In conclusion, IE should always be kept in mind in the differential diagnosis of CIED. The diagnosis can be challenging in the absence of local signs of infection. It should also be emphasized that one can develop CIED-related infections even after several years of implantation. Our case is also unique, since there is no another case in the literature such a long time after implantation with the largest vegetation reported to date.

Declaration of conflicting interests
The authors declared no conflicts of interest with respect to the authorship and/or publication of this article.

Funding
The authors received no financial support for the research and/or authorship of this article.

References

1) Baman TS, Gupta SK, Valle JA, Yamada E. Risk factors for mortality in patients with cardiac device-related infection. Circ Arrhythm Electrophysiol 2009;2:129-34.

2) Sohail MR, Uslan DZ, Khan AH, Friedman PA, Hayes DL, Wilson WR, et al. Management and outcome of permanent pacemaker and implantable cardioverter-defibrillator infections. J Am Coll Cardiol 2007;49:1851-9.

3) Baddour LM, Epstein AE, Erickson CC, Knight BP, Levison ME, Lockhart PB, et al. Update on cardiovascular implantable electronic device infections and their management: a scientific statement from the American Heart Association. Circulation 2010;121:458-77.

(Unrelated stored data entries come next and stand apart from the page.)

lemma times_homotopy_iff_exp_refl_rtrancl:
  assumes "bigraph_hom VX EdX cX VY EdY cY g" "EdX \<subseteq> VX \<times> VX" "sym EdX" "sym EdY"
  shows "(\<exists>n F. times_homotopy VX EdX cX VY EdY cY n F f g) \<longleftrightarrow>
    (restrict f VX, restrict g VX) \<in> (exp_refl_E VX EdX cX VY EdY cY)\<^sup>*"
proof
  assume "\<exists>n F. times_homotopy VX EdX cX VY EdY cY n F f g"
  then obtain n F where "times_homotopy VX EdX cX VY EdY cY n F f g" by blast
  from times_homotopy_slices_walk[OF this assms(2)] show
    "(restrict f VX, restrict g VX) \<in> (exp_refl_E VX EdX cX VY EdY cY)\<^sup>*"
    unfolding rtrancl_iff_walk by (intro exI[of _ n] exI[of _ "\<lambda>i. \<lambda>a\<in>VX. F (a, i)"]) blast
next
  assume "(restrict f VX, restrict g VX) \<in> (exp_refl_E VX EdX cX VY EdY cY)\<^sup>*"
  then obtain n p where "p 0 = restrict f VX" "p n = restrict g VX"
    and "\<forall>i<n. (p i, p (Suc i)) \<in> exp_refl_E VX EdX cX VY EdY cY"
    unfolding rtrancl_iff_walk by blast
  with walk_times_homotopy[OF _ _ _ _ assms(3,4)] restrict_in_exp_refl_V[OF assms(1,2)]
  show "\<exists>n F. times_homotopy VX EdX cX VY EdY cY n F f g" by metis
qed

theorem proposition3p6:
  fixes VX :: "'a set" and EdX :: "('a \<times> 'a) set" and cX :: "'a \<Rightarrow> nat"
    and VY :: "'b set" and EdY :: "('b \<times> 'b) set" and cY :: "'b \<Rightarrow> nat"
    and f g :: "'a \<Rightarrow> 'b"
  assumes "bigraph VX EdX cX" and "bigraph VY EdY cY"
    and "bigraph_hom VX EdX cX VY EdY cY f" and "bigraph_hom VX EdX cX VY EdY cY g"
  shows "(times_homotopic VX EdX cX VY EdY cY f g
            \<longleftrightarrow> (\<exists>n F. times_homotopy VX EdX cX VY EdY cY n F f g))
       \<and> ((\<exists>n F. times_homotopy VX EdX cX VY EdY cY n F f g)
            \<longleftrightarrow> same_component
                  (refl_part_V (exp_V VX cX VY cY) (exp_E VX EdX cX VY EdY cY))
                  (refl_part_E (exp_V VX cX VY cY) (exp_E VX EdX cX VY EdY cY))
                  (restrict f VX) (restrict g VX))"
proof -
  have X: "EdX \<subseteq> VX \<times> VX" "sym EdX" and Y: "sym EdY"
    using assms(1,2) unfolding bigraph_def graph_def by auto
  show ?thesis
    using times_homotopic_iff_exp_refl_rtrancl[OF assms(3) X Y]
      times_homotopy_iff_exp_refl_rtrancl[OF assms(4) X Y]
      restrict_in_exp_refl_V[OF assms(3) X(1)] restrict_in_exp_refl_V[OF assms(4) X(1)]
    unfolding same_component_def by blast
qed

end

4) Greenspon AJ, Le KY, Prutkin JM, Sohail MR, Vikram HR, Baddour LM, et al. Influence of vegetation size on the clinical presentation and outcome of lead-associated endocarditis: results from the MEDIC registry. JACC Cardiovasc Imaging 2014;7:541-9.

5) Wilkoff BL, Love CJ, Byrd CL, Bongiorni MG, Carrillo RG, Crossley GH, et al. Transvenous lead extraction: Heart Rhythm Society expert consensus on facilities, training, indications, and patient management: this document was endorsed by the American Heart Association (AHA). Heart Rhythm 2009;6:1085-104.

6) Horstkotte D, Follath F, Gutschik E, Lengyel M, Oto A, Pavie A, et al. Guidelines on prevention, diagnosis and treatment of infective endocarditis executive summary; the task force on infective endocarditis of the European society of cardiology. Eur Heart J 2004;25:267-76.